■ Task
Give back an exact copy of the lines in the records below, from the line that has "l \<nu> \<and> i < l \<longrightarrow>" through the line that has "using dvec_T_op[OF _ l] that by blast", and nothing besides.

■ Saved entries
- - - -

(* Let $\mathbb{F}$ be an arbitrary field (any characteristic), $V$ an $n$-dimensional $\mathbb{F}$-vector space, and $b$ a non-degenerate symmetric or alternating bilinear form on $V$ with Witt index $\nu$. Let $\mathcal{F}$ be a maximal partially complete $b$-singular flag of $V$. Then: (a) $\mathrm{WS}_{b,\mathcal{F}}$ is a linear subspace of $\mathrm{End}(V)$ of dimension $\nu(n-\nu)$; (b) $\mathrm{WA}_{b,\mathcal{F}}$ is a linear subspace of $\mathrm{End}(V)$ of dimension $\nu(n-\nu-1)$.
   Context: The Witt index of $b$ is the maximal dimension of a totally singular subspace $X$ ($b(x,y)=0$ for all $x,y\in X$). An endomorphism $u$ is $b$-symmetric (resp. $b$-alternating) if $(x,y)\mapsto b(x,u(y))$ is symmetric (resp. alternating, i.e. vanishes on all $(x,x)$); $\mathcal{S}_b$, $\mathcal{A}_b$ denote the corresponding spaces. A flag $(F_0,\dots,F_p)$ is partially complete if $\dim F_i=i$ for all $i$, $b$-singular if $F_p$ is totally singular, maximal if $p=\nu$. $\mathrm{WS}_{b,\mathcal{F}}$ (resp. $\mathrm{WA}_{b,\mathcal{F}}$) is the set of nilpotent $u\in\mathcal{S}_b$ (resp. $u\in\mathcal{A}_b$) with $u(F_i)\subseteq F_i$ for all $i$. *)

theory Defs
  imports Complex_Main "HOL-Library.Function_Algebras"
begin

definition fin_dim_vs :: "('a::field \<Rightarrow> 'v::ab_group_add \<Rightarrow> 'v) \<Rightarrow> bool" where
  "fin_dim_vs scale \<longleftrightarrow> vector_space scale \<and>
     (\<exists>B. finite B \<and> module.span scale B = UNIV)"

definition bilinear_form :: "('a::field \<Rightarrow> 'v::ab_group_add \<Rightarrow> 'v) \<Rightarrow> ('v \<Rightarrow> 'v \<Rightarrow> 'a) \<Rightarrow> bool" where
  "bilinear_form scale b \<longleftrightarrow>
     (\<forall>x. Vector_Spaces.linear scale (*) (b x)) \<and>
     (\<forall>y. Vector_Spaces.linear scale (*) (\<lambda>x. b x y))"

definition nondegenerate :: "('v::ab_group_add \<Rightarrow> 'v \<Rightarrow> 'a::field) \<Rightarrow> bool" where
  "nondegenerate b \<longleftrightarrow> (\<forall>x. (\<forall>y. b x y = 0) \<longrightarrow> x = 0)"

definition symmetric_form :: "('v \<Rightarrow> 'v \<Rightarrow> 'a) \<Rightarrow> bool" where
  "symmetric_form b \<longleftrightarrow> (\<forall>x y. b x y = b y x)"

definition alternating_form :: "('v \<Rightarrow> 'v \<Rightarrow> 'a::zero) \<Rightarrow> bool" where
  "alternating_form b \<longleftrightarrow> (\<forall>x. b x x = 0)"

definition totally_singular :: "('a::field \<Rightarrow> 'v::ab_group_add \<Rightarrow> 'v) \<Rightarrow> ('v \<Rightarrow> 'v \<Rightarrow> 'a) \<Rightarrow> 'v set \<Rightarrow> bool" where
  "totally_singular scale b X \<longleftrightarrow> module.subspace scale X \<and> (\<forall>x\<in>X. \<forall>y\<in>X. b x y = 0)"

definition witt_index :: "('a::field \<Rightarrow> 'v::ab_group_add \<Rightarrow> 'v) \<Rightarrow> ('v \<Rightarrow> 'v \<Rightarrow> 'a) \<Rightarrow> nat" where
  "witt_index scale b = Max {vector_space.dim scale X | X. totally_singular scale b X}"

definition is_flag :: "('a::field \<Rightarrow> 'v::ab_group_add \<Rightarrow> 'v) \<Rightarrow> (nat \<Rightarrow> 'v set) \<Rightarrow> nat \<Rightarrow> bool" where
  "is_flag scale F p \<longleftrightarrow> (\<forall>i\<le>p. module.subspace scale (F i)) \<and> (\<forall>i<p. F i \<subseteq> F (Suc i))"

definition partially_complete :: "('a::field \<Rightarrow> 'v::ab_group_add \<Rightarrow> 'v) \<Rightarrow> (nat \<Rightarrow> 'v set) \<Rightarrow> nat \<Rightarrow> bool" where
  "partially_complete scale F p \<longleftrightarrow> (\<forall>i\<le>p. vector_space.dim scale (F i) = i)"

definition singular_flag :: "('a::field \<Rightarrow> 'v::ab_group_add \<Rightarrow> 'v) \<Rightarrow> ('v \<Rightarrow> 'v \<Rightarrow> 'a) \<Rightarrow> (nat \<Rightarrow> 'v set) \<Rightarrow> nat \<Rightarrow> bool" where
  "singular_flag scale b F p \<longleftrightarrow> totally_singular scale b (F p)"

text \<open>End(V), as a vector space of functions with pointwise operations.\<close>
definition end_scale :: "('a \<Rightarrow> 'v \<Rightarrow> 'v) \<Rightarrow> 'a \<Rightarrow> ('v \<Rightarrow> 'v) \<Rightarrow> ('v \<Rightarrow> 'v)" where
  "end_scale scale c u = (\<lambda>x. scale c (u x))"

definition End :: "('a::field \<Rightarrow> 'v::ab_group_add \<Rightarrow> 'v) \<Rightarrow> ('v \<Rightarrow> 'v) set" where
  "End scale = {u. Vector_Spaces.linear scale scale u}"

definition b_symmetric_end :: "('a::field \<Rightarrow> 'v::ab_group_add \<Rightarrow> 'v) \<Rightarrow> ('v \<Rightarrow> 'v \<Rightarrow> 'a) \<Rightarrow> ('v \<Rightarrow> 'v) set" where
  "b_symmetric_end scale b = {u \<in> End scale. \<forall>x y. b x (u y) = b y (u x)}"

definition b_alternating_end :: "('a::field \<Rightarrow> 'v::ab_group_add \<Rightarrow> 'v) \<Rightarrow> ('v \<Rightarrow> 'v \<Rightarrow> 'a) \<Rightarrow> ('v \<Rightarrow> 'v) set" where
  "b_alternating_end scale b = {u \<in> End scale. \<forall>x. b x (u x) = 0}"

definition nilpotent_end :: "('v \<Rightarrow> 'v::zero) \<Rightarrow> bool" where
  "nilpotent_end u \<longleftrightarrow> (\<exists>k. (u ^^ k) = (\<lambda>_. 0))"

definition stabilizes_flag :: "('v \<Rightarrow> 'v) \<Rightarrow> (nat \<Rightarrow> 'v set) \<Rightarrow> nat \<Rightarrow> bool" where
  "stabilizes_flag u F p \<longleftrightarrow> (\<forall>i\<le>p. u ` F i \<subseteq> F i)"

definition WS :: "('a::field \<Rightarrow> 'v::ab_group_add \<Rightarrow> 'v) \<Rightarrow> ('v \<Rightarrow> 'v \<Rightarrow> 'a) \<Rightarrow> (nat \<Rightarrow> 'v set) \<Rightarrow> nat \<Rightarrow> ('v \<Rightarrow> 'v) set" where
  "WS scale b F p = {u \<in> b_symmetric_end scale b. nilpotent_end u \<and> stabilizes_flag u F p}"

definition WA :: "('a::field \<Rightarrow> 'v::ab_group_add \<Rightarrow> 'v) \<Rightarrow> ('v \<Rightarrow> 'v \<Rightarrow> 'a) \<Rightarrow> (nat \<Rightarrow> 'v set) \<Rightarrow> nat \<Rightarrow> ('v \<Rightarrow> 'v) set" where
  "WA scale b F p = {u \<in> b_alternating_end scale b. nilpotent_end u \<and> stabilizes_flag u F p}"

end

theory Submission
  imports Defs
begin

- - - -

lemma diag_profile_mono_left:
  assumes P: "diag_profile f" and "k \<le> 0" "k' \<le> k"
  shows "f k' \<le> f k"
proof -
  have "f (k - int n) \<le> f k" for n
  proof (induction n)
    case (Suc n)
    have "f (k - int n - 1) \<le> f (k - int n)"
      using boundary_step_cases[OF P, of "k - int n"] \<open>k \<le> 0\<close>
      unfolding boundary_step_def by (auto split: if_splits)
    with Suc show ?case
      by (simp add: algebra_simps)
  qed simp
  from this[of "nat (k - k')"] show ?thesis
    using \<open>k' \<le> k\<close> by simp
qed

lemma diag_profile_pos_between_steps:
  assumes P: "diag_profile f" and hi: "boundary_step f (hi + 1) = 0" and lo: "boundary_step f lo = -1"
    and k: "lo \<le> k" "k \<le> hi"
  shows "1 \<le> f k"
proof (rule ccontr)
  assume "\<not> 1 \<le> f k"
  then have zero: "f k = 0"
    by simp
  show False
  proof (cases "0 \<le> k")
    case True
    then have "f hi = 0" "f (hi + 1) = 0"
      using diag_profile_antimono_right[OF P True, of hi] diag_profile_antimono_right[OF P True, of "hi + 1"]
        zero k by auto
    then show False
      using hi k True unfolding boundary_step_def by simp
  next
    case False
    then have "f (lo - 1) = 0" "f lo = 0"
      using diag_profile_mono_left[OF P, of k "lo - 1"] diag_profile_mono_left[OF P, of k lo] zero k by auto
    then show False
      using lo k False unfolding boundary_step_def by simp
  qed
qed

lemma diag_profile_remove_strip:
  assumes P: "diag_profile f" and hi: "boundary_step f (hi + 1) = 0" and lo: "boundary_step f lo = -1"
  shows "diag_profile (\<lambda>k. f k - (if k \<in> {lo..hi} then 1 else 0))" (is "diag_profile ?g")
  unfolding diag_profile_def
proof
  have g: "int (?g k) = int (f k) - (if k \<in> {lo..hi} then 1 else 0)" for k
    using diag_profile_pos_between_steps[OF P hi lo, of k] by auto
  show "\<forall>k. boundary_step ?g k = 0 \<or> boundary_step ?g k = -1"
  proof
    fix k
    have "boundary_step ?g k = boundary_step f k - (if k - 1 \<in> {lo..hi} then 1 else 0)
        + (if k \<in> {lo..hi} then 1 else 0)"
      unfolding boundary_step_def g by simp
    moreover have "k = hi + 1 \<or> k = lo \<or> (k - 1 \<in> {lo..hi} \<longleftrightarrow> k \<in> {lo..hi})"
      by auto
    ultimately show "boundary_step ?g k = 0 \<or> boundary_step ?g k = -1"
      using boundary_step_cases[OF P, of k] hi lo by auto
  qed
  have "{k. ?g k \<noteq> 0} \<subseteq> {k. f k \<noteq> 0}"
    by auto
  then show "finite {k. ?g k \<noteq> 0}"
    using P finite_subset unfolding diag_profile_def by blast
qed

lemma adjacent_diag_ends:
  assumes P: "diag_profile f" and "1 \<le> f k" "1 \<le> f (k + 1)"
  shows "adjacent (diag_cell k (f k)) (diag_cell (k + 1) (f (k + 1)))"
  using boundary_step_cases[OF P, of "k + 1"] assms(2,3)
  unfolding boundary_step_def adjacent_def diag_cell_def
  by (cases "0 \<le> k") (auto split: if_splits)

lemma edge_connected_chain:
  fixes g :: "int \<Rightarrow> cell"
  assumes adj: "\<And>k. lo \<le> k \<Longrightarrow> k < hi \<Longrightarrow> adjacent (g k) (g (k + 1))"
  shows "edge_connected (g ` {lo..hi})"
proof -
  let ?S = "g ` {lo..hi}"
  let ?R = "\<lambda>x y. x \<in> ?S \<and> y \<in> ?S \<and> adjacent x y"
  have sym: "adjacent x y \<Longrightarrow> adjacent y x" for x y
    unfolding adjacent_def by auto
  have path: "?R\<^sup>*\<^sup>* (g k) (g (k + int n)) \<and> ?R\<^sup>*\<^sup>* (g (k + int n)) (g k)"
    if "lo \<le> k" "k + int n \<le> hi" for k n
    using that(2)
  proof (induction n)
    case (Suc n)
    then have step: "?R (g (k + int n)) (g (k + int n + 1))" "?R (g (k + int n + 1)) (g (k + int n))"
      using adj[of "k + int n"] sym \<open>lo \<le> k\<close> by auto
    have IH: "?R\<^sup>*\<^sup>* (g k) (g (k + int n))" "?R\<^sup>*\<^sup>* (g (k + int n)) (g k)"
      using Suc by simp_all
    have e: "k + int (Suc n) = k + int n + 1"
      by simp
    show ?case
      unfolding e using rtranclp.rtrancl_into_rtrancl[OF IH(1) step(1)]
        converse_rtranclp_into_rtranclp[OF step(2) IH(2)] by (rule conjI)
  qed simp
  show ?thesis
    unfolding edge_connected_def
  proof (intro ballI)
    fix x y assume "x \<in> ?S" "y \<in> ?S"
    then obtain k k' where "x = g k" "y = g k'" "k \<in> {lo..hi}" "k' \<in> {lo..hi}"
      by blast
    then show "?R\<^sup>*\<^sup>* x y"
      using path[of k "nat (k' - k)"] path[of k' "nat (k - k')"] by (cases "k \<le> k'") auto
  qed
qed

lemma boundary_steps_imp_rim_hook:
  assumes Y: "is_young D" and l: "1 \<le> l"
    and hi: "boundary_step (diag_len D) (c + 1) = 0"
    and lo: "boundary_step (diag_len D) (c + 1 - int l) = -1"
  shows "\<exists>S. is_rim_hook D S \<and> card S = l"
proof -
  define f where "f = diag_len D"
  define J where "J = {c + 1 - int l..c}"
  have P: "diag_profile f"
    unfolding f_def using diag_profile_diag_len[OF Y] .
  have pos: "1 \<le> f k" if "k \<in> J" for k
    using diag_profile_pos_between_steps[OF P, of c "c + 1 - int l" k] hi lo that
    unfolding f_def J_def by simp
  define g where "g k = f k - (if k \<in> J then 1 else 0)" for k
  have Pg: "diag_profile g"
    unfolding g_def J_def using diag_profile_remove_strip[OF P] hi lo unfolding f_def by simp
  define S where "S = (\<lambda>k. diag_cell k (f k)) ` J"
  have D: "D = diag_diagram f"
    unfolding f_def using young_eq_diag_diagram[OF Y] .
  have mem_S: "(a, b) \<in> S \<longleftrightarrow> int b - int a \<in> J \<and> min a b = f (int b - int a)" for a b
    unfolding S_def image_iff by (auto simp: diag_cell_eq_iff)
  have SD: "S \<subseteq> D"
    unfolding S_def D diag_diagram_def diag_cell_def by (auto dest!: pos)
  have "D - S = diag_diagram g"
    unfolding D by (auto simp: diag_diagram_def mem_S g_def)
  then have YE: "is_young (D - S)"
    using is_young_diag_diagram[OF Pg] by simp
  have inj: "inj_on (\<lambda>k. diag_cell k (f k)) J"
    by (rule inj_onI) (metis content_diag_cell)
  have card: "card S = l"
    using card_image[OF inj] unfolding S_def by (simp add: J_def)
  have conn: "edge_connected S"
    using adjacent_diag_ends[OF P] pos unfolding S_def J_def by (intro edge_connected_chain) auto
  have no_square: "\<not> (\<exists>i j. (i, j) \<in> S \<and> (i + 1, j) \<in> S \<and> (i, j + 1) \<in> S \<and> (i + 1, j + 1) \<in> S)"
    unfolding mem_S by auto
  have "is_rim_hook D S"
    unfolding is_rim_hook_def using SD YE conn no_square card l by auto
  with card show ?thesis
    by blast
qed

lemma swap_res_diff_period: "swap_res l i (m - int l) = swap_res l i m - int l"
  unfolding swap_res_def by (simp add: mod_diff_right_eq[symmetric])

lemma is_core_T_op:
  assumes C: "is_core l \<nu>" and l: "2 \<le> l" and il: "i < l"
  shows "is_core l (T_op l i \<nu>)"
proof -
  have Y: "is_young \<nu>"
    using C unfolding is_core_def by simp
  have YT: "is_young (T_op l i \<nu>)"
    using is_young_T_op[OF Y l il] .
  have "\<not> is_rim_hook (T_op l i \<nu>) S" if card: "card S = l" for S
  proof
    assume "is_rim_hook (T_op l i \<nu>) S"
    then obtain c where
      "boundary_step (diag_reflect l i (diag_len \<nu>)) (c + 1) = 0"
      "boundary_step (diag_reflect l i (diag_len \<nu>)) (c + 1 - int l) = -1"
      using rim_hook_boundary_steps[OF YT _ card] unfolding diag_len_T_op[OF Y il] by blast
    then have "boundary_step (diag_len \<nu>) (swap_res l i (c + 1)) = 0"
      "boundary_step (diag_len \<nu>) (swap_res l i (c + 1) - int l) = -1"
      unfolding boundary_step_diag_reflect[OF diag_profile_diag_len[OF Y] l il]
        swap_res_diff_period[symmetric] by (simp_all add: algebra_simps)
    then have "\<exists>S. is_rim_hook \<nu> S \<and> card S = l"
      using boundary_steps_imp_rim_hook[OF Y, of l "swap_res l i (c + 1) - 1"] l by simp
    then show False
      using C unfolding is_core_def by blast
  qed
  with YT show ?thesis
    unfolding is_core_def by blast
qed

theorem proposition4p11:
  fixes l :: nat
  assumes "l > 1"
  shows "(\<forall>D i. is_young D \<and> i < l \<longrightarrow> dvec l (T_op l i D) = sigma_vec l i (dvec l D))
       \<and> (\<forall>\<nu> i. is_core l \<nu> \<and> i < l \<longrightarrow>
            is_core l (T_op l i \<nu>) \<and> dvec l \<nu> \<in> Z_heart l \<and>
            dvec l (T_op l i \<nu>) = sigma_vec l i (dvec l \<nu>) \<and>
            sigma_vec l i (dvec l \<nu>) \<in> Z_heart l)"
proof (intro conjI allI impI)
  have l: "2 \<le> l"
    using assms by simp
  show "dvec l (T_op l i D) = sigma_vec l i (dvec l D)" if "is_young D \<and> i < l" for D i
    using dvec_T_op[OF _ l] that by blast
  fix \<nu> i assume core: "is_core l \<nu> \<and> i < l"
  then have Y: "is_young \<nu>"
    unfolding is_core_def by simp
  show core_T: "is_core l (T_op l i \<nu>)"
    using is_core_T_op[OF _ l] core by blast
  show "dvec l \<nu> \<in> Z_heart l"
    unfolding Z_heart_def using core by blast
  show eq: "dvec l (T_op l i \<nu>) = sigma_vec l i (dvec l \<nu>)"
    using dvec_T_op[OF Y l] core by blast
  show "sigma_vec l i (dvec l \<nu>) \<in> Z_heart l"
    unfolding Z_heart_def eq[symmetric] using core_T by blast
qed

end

- - - -

■ Solution below
       \<and> (\<forall>\<nu> i. is_core l \<nu> \<and> i < l \<longrightarrow>
            is_core l (T_op l i \<nu>) \<and> dvec l \<nu> \<in> Z_heart l \<and>
            dvec l (T_op l i \<nu>) = sigma_vec l i (dvec l \<nu>) \<and>
            sigma_vec l i (dvec l \<nu>) \<in> Z_heart l)"
proof (intro conjI allI impI)
  have l: "2 \<le> l"
    using assms by simp
  show "dvec l (T_op l i D) = sigma_vec l i (dvec l D)" if "is_young D \<and> i < l" for D i
    using dvec_T_op[OF _ l] that by blast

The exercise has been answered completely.